In the past few years, a new kind of therapy has come into fruition. Art Therapy.  There are a number of mediums, photographs, videos, music and singing, artwork, etc., that can be used as Art Therapy.  The concept behind Art Therapy is that in this fast paced life we all live what we really need when we’re ill is to take a step back, relax, and reflect.  Reflect on our lives but also on something unrelated to illness, like art, in order to stimulate other parts of ourselves and to be stimulated by the art.  The top art remedies offered by Talidari (a group of Art Therapy artists) are Stress Relief, Depression Treatment, Snore No More, Crime Cure, Insomnia Buster, and Antipoor-e-Cream.  As I read through this list I thought to myself “as a college student with many stresses maybe I should look at the Stress Relief remedy” and “my friend has an insomnia problem so maybe I should show this to her.”  I haven’t even looked through the proposed remedies and I’m already intrigued. 

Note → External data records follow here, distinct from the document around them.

(* In the setting below, the vector $\tau R=1\otimes e^{\lambda_1-\lambda_6}+1\otimes e^{-\lambda_3+\lambda_5}-1\otimes e^{-\lambda_1+\lambda_3-\lambda_5+\lambda_6}\in V^{\Lambda_6}$ is a highest weight vector of type $Vir(\tfrac45,\tfrac23)\otimes W^{\Omega_0}$, i.e. it satisfies (HW1)–(HW5) with $h=2/3$ and $\omega_j=0$.
   Context: Setting. $Q$ is the $E_6$ root lattice with simple roots $\alpha_1,\dots,\alpha_6$ (Dynkin chain $\alpha_1-\alpha_3-\alpha_4-\alpha_5-\alpha_6$, $\alpha_2$ attached to $\alpha_4$), form from the Cartan matrix, fundamental weights $\lambda_i$, $P=\bigoplus\mathbb Z\lambda_i$, $\mathfrak h=\mathbb C\otimes P$. $\varepsilon$ bimultiplicative on $P$ with $[\varepsilon(\lambda_i,\lambda_j)]$ rows $(1,1,1,1,1,1)$, $(-1,1,1,1,1,-1)$, $(-1,1,1,1,1,1)$, $(1,-1,1,1,1,1)$, $(1,1,1,1,1,-1)$, $(1,1,1,1,1,1)$. $V_P=S(\hat{\mathfrak h}^-)\otimes\mathbb C[P]$ with Heisenberg operators $h(n)$ ($[h(m),h'(n)]=m\langle h,h'\rangle\delta_{m+n,0}$, $h(n)1=0$ for $n>0$, $h(0)(u\otimes e^\beta)=\langle h,\beta\rangle u\otimes e^\beta$). For $\alpha\in Q$, acting on $V_P$: $Y(1\otimes e^\alpha,z)=\exp(\sum_{k\ge1}\frac{\alpha(-k)}kz^k)\exp(-\sum_{k\ge1}\frac{\alpha(k)}kz^{-k})e_\alpha z^{\alpha(0)}=\sum_n\{1\otimes e^\alpha\}_nz^{-n-1}$, $e_\alpha(u\otimes e^\beta)=\varepsilon(\alpha,\beta)u\otimes e^{\alpha+\beta}$, $z^{\alpha(0)}(u\otimes e^\beta)=z^{\langle\alpha,\beta\rangle}u\otimes e^\beta$; $Y(h_1(-1)\cdots h_k(-1)\otimes e^\alpha,z)=\,:h_1(z)\cdots h_k(z)Y(1\otimes e^\alpha,z):$, $h(z)=\sum_nh(n)z^{-n-1}$. $V^{\Lambda_6}$ is spanned by $S(\hat{\mathfrak h}^-)\otimes e^\nu$, $\nu\in\lambda_6+Q$. $\tau$: $\alpha_1\leftrightarrow\alpha_6$, $\alpha_3\leftrightarrow\alpha_5$; $\mathrm{Proj}(\nu)=(\nu+\tau\nu)/2$. $\theta=\alpha_1+2\alpha_2+2\alpha_3+3\alpha_4+2\alpha_5+\alpha_6$. Raising operators of $\tilde{\mathfrak a}$ ($F_4^{(1)}$): $\{\beta_1\}_0=\{1\otimes e^{\alpha_2}\}_0$, $\{\beta_2\}_0=\{1\otimes e^{\alpha_4}\}_0$, $\{\beta_3\}_0=\{1\otimes e^{\alpha_3}\}_0+\{1\otimes e^{\alpha_5}\}_0$, $\{\beta_4\}_0=\{1\otimes e^{\alpha_1}\}_0+\{1\otimes e^{\alpha_6}\}_0$, $\{1\otimes e^{-\theta}\}_1$. Coset conformal vector $\omega=\frac1{10}[(-\lambda_1+\lambda_6)(-1)^2+(\lambda_3-\lambda_5)(-1)^2+(\lambda_1-\lambda_3+\lambda_5-\lambda_6)(-1)^2]\otimes e^0+\frac15(-1\otimes e^{\pm\gamma_1}-1\otimes e^{\pm\gamma_2}+1\otimes e^{\pm\gamma_3})$, $\gamma_1=\alpha_1-\alpha_6$, $\gamma_2=\alpha_3-\alpha_5$, $\gamma_3=\gamma_1+\gamma_2$, $1\otimes e^{\pm\gamma}:=1\otimes e^\gamma+1\otimes e^{-\gamma}$; $L(n)=\{\omega\}_{n+1}$ (Virasoro, $c=4/5$, commuting with $\tilde{\mathfrak a}$). $W^{\Omega_0}$ is the basic level one irreducible $F_4^{(1)}$-module. A nonzero $v$ is a highest weight vector of type $Vir(\frac45,h)\otimes W^{\Omega_j}$ if (HW1) $\{1\otimes e^{-\theta}\}_1v=0$; (HW2) $\{\beta_i\}_0v=0$, $i=1,\dots,4$; (HW3) $L(1)v=L(2)v=0$; (HW4) $L(0)v=hv$; (HW5) $v\in\bigoplus_kS(\hat{\mathfrak h}^-)\otimes e^{\nu_k}$ with $\mathrm{Proj}(\nu_k)=\omega_j$ ($\omega_0=0$). *)

theory Defs
  imports Complex_Main "HOL-Library.Multiset" "HOL-Library.Function_Algebras"
begin

text \<open>Indices 1..6 of simple roots / fundamental weights (Bourbaki labelling:
 chain a1-a3-a4-a5-a6, a2 attached to a4).\<close>
datatype ix = I1 | I2 | I3 | I4 | I5 | I6

lemma UNIV_ix: "(UNIV :: ix set) = {I1, I2, I3, I4, I5, I6}"
  using ix.exhaust by auto

instance ix :: finite
  by standard (simp add: UNIV_ix)

fun ixn :: "ix \<Rightarrow> nat" where
  "ixn I1 = 0" | "ixn I2 = 1" | "ixn I3 = 2" | "ixn I4 = 3" | "ixn I5 = 4" | "ixn I6 = 5"

text \<open>Elements of P are written in the basis of fundamental weights:
  \<open>\<nu> :: wt\<close> stands for \<open>\<Sum>i. \<nu> i \<lambda>_i\<close>.\<close>
type_synonym wt = "ix \<Rightarrow> int"

definition lam :: "ix \<Rightarrow> wt" where
  "lam i = (\<lambda>j. if j = i then 1 else 0)"

definition cartan :: "ix \<Rightarrow> ix \<Rightarrow> int" where
  "cartan i j = ([[ 2, 0,-1, 0, 0, 0],
                  [ 0, 2, 0,-1, 0, 0],
                  [-1, 0, 2,-1, 0, 0],
                  [ 0,-1,-1, 2,-1, 0],
                  [ 0, 0, 0,-1, 2,-1],
                  [ 0, 0, 0, 0,-1, 2]] ! ixn i) ! ixn j"

definition sroot :: "ix \<Rightarrow> wt" where
  "sroot i = (\<lambda>j. cartan i j)"

text \<open>Gram matrix \<open>\<langle>\<lambda>_i,\<lambda>_j\<rangle>\<close> = inverse Cartan matrix (checked below).\<close>
definition gram :: "ix \<Rightarrow> ix \<Rightarrow> rat" where
  "gram i j = of_int (([[4, 3, 5, 6, 4, 2],
                         [3, 6, 6, 9, 6, 3],
                         [5, 6,10,12, 8, 4],
                         [6, 9,12,18,12, 6],
                         [4, 6, 8,12,10, 5],
                         [2, 3, 4, 6, 5, 4]] ! ixn i) ! ixn j) / 3"

lemma gram_inverse_cartan:
  "(\<Sum>k\<in>UNIV. of_int (cartan i k) * gram k j) = (if i = j then 1 else 0)"
  by (cases i; cases j) (simp_all add: UNIV_ix cartan_def gram_def)

definition pair :: "wt \<Rightarrow> wt \<Rightarrow> rat" where
  "pair \<mu> \<nu> = (\<Sum>i\<in>UNIV. \<Sum>j\<in>UNIV. of_int (\<mu> i) * gram i j * of_int (\<nu> j))"

definition in_Q :: "wt \<Rightarrow> bool" where
  "in_Q \<nu> \<longleftrightarrow> (\<exists>c :: ix \<Rightarrow> int. \<nu> = (\<lambda>j. \<Sum>i\<in>UNIV. c i * sroot i j))"

definition eps_tab :: "ix \<Rightarrow> ix \<Rightarrow> int" where
  "eps_tab i j = ([[ 1, 1, 1, 1, 1, 1],
                   [-1, 1, 1, 1, 1,-1],
                   [-1, 1, 1, 1, 1, 1],
                   [ 1,-1, 1, 1, 1, 1],
                   [ 1, 1, 1, 1, 1,-1],
                   [ 1, 1, 1, 1, 1, 1]] ! ixn i) ! ixn j"

definition eps :: "wt \<Rightarrow> wt \<Rightarrow> complex" where
  "eps \<mu> \<nu> = (\<Prod>i\<in>UNIV. \<Prod>j\<in>UNIV. (of_int (eps_tab i j) :: complex) powi (\<mu> i * \<nu> j))"

fun tau :: "ix \<Rightarrow> ix" where
  "tau I1 = I6" | "tau I6 = I1" | "tau I3 = I5" | "tau I5 = I3" | "tau I2 = I2" | "tau I4 = I4"

definition Proj :: "wt \<Rightarrow> (ix \<Rightarrow> rat)" where
  "Proj \<nu> = (\<lambda>i. (of_int (\<nu> i) + of_int (\<nu> (tau i))) / 2)"

text \<open>A monomial in \<open>S(\<h>^-)\<close>: the multiset element \<open>(i,n)\<close> (with \<open>n \<ge> 1\<close>) stands for
  the factor \<open>\<lambda>_i(-n)\<close>. A vector is a finitely supported coefficient function on
  pairs (monomial, lattice point \<open>\<beta>\<close>), the pair standing for \<open>u \<otimes> e^\<beta>\<close>.\<close>
type_synonym mono = "(ix \<times> nat) multiset"
type_synonym vec = "mono \<times> wt \<Rightarrow> complex"

definition supp :: "vec \<Rightarrow> (mono \<times> wt) set" where
  "supp v = {p. v p \<noteq> 0}"

definition bas :: "mono \<Rightarrow> wt \<Rightarrow> vec" where
  "bas m \<beta> = (\<lambda>p. if p = (m, \<beta>) then 1 else 0)"

definition lin :: "(mono \<Rightarrow> wt \<Rightarrow> vec) \<Rightarrow> vec \<Rightarrow> vec" where
  "lin f v = (\<lambda>x. \<Sum>p\<in>supp v. v p * f (fst p) (snd p) x)"

definition fsum :: "('a \<Rightarrow> vec) \<Rightarrow> vec" where
  "fsum F = (\<lambda>x. \<Sum>a\<in>{a. F a \<noteq> (\<lambda>_. 0)}. F a x)"

definition heis :: "wt \<Rightarrow> int \<Rightarrow> vec \<Rightarrow> vec" where
  "heis h n = lin (\<lambda>m \<beta>.
     if n < 0 then (\<lambda>x. \<Sum>j\<in>UNIV. of_int (h j) * bas (m + {#(j, nat (- n))#}) \<beta> x)
     else if n = 0 then (\<lambda>x. of_rat (pair h \<beta>) * bas m \<beta> x)
     else (\<lambda>x. \<Sum>j\<in>UNIV. of_int n * of_rat (pair h (lam j))
                 * of_nat (count m (j, nat n)) * bas (m - {#(j, nat n)#}) \<beta> x))"

text \<open>Coefficients of \<open>exp(-\<Sum>_k \<alpha>(k) z^{-k}/k) = \<Sum>_b Eplus \<alpha> b z^{-b}\<close> and
  \<open>exp(\<Sum>_k \<alpha>(-k) z^k/k) = \<Sum>_a Eminus \<alpha> a z^a\<close>, via \<open>b f_b = \<Sum>_k k g_k f_{b-k}\<close>.\<close>
fun Eplus :: "wt \<Rightarrow> nat \<Rightarrow> vec \<Rightarrow> vec" where
  "Eplus \<alpha> 0 v = v"
| "Eplus \<alpha> (Suc b) v = (\<lambda>x. (\<Sum>k\<in>{1..Suc b}. - heis \<alpha> (int k) (Eplus \<alpha> (Suc b - k) v) x)
                             / of_nat (Suc b))"

fun Eminus :: "wt \<Rightarrow> nat \<Rightarrow> vec \<Rightarrow> vec" where
  "Eminus \<alpha> 0 v = v"
| "Eminus \<alpha> (Suc a) v = (\<lambda>x. (\<Sum>k\<in>{1..Suc a}. heis \<alpha> (- int k) (Eminus \<alpha> (Suc a - k) v) x)
                              / of_nat (Suc a))"

text \<open>\<open>{1 \<otimes> e^\<alpha>}_n\<close> for \<open>\<alpha> \<in> Q\<close>: the coefficient of \<open>z^{-n-1}\<close> in
  \<open>E^-(\<alpha>,z) E^+(\<alpha>,z) e_\<alpha> z^{\<alpha>(0)}\<close>. On \<open>u \<otimes> e^\<beta>\<close>, \<open>z^{\<alpha>(0)}\<close> contributes
  \<open>z^{\<langle>\<alpha>,\<beta>\<rangle>}\<close> (an integer power since \<open>\<alpha> \<in> Q\<close>).\<close>
definition vo :: "wt \<Rightarrow> int \<Rightarrow> vec \<Rightarrow> vec" where
  "vo \<alpha> n = lin (\<lambda>m \<beta>. fsum (\<lambda>b :: nat.
      let k = \<lfloor>pair \<alpha> \<beta>\<rfloor>; a = int b - k - n - 1 in
      if a \<ge> 0 then (\<lambda>x. eps \<alpha> \<beta> * Eminus \<alpha> (nat a) (Eplus \<alpha> b (bas m (\<alpha> + \<beta>))) x)
      else (\<lambda>_. 0)))"

text \<open>Modes of \<open>Y(h(-1)^2 \<otimes> e^0, z) = :h(z)h(z):\<close>:
  \<open>{h(-1)^2 \<otimes> e^0}_m = \<Sum>_{a+b=m-1} :h(a)h(b):\<close>.\<close>
definition sqmode :: "wt \<Rightarrow> int \<Rightarrow> vec \<Rightarrow> vec" where
  "sqmode h m v = fsum (\<lambda>a :: int. let b = m - 1 - a in
      if a \<le> b then heis h a (heis h b v) else heis h b (heis h a v))"

definition theta :: wt where
  "theta = sroot I1 + 2 * sroot I2 + 2 * sroot I3 + 3 * sroot I4 + 2 * sroot I5 + sroot I6"

definition gam1 :: wt where "gam1 = sroot I1 - sroot I6"
definition gam2 :: wt where "gam2 = sroot I3 - sroot I5"
definition gam3 :: wt where "gam3 = gam1 + gam2"

text \<open>Modes \<open>{\<omega>}_m\<close> of the coset conformal vector and \<open>L(n) = {\<omega>}_{n+1}\<close>.\<close>
definition omega_mode :: "int \<Rightarrow> vec \<Rightarrow> vec" where
  "omega_mode m v = (\<lambda>x.
     (sqmode (- lam I1 + lam I6) m v x + sqmode (lam I3 - lam I5) m v x
       + sqmode (lam I1 - lam I3 + lam I5 - lam I6) m v x) / 10
     + (- vo gam1 m v x - vo (- gam1) m v x - vo gam2 m v x - vo (- gam2) m v x
        + vo gam3 m v x + vo (- gam3) m v x) / 5)"

definition Lop :: "int \<Rightarrow> vec \<Rightarrow> vec" where
  "Lop n = omega_mode (n + 1)"

text \<open>\<open>V^{\<Lambda>_6}\<close>: finitely supported vectors supported on \<open>S(\<h>^-) \<otimes> e^\<nu>\<close>, \<open>\<nu> \<in> \<lambda>_6 + Q\<close>.\<close>
definition in_VL6 :: "vec \<Rightarrow> bool" where
  "in_VL6 v \<longleftrightarrow> finite (supp v) \<and>
     (\<forall>p\<in>supp v. (\<forall>q\<in>#fst p. snd q \<ge> 1) \<and> in_Q (snd p - lam I6))"

text \<open>Highest weight vector of type \<open>Vir(4/5,h) \<otimes> W^{\<Omega>_j}\<close> with \<open>\<omega>_j = w\<close>: (HW1)-(HW5).\<close>
definition hw_vector :: "vec \<Rightarrow> complex \<Rightarrow> (ix \<Rightarrow> rat) \<Rightarrow> bool" where
  "hw_vector v h w \<longleftrightarrow>
     v \<noteq> (\<lambda>_. 0) \<and> finite (supp v) \<and>
     vo (- theta) 1 v = (\<lambda>_. 0) \<and>
     vo (sroot I2) 0 v = (\<lambda>_. 0) \<and>
     vo (sroot I4) 0 v = (\<lambda>_. 0) \<and>
     (\<lambda>x. vo (sroot I3) 0 v x + vo (sroot I5) 0 v x) = (\<lambda>_. 0) \<and>
     (\<lambda>x. vo (sroot I1) 0 v x + vo (sroot I6) 0 v x) = (\<lambda>_. 0) \<and>
     Lop 1 v = (\<lambda>_. 0) \<and> Lop 2 v = (\<lambda>_. 0) \<and>
     Lop 0 v = (\<lambda>x. h * v x) \<and>
     (\<forall>p\<in>supp v. Proj (snd p) = w)"

end

theory Submission
  imports Defs
begin

text \<open>All three components of \<open>\<tau>R\<close> are vacuum vectors \<open>1 \<otimes> e^\<nu>\<close>. On such vectors every
  Heisenberg operator of positive mode vanishes, so \<open>h(0)\<close> acts by \<open>\<langle>h,\<nu>\<rangle>\<close>, the quadratic
  modes reduce to \<open>h(0)^2\<close> or vanish, and \<open>{1 \<otimes> e^\<alpha>}_n e^\<nu>\<close> is zero for
  \<open>\<langle>\<alpha>,\<nu>\<rangle> + n \<ge> 0\<close> and equals \<open>\<epsilon>(\<alpha>,\<nu>) e^{\<alpha>+\<nu>}\<close> for \<open>\<langle>\<alpha>,\<nu>\<rangle> + n = -1\<close>. The weights
  \<open>\<nu>\<close> of \<open>\<tau>R\<close> pair with every simple root to at least \<open>-1\<close>, so the raising operators
  either kill the components or map two of them to the same vector with opposite signs;
  \<open>L(1), L(2)\<close> vanish by degree, and \<open>L(0)\<close> is a \<open>3 \<times> 3\<close> matrix computation giving \<open>2/3\<close>.\<close>

lemma lin_eq_sum_superset:
  assumes "finite S" "supp v \<subseteq> S"
  shows "lin f v x = (\<Sum>p\<in>S. v p * f (fst p) (snd p) x)"
  unfolding lin_def
  by (rule sum.mono_neutral_left[OF assms]) (auto simp: supp_def)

Each section offers explanations for why these issues play prominent roles in our lives and gives non medicinal answers to each issue.  The Stress Relief section notes causes, triggers, physical, emotional, social, spiritual, mental and psychosocial responses, symptoms, and effects.  Solutions are then proposed for dealing with stress and avoiding it altogether.  There are art visualization solutions, nature walks as solutions, and relaxing music.  The visualizations of art contained warm hues of blue and turquoise.  This music clip was proposed for a stress buster and included low notes and repetitious tones. 

These solutions seem viable.  If one is able to relax and unwind, stresses should slip away.  I have never heard of “Art Therapy” but these methods for de-stressing (listening to music or walking through the park) are widely used.

This information was gathered from Talidari, Mulitimedia Art for Wellness.  Talidari is an organization of artists who collect art with fusions of heritage and innovation with the purpose of inspiring, entertaining, and healing.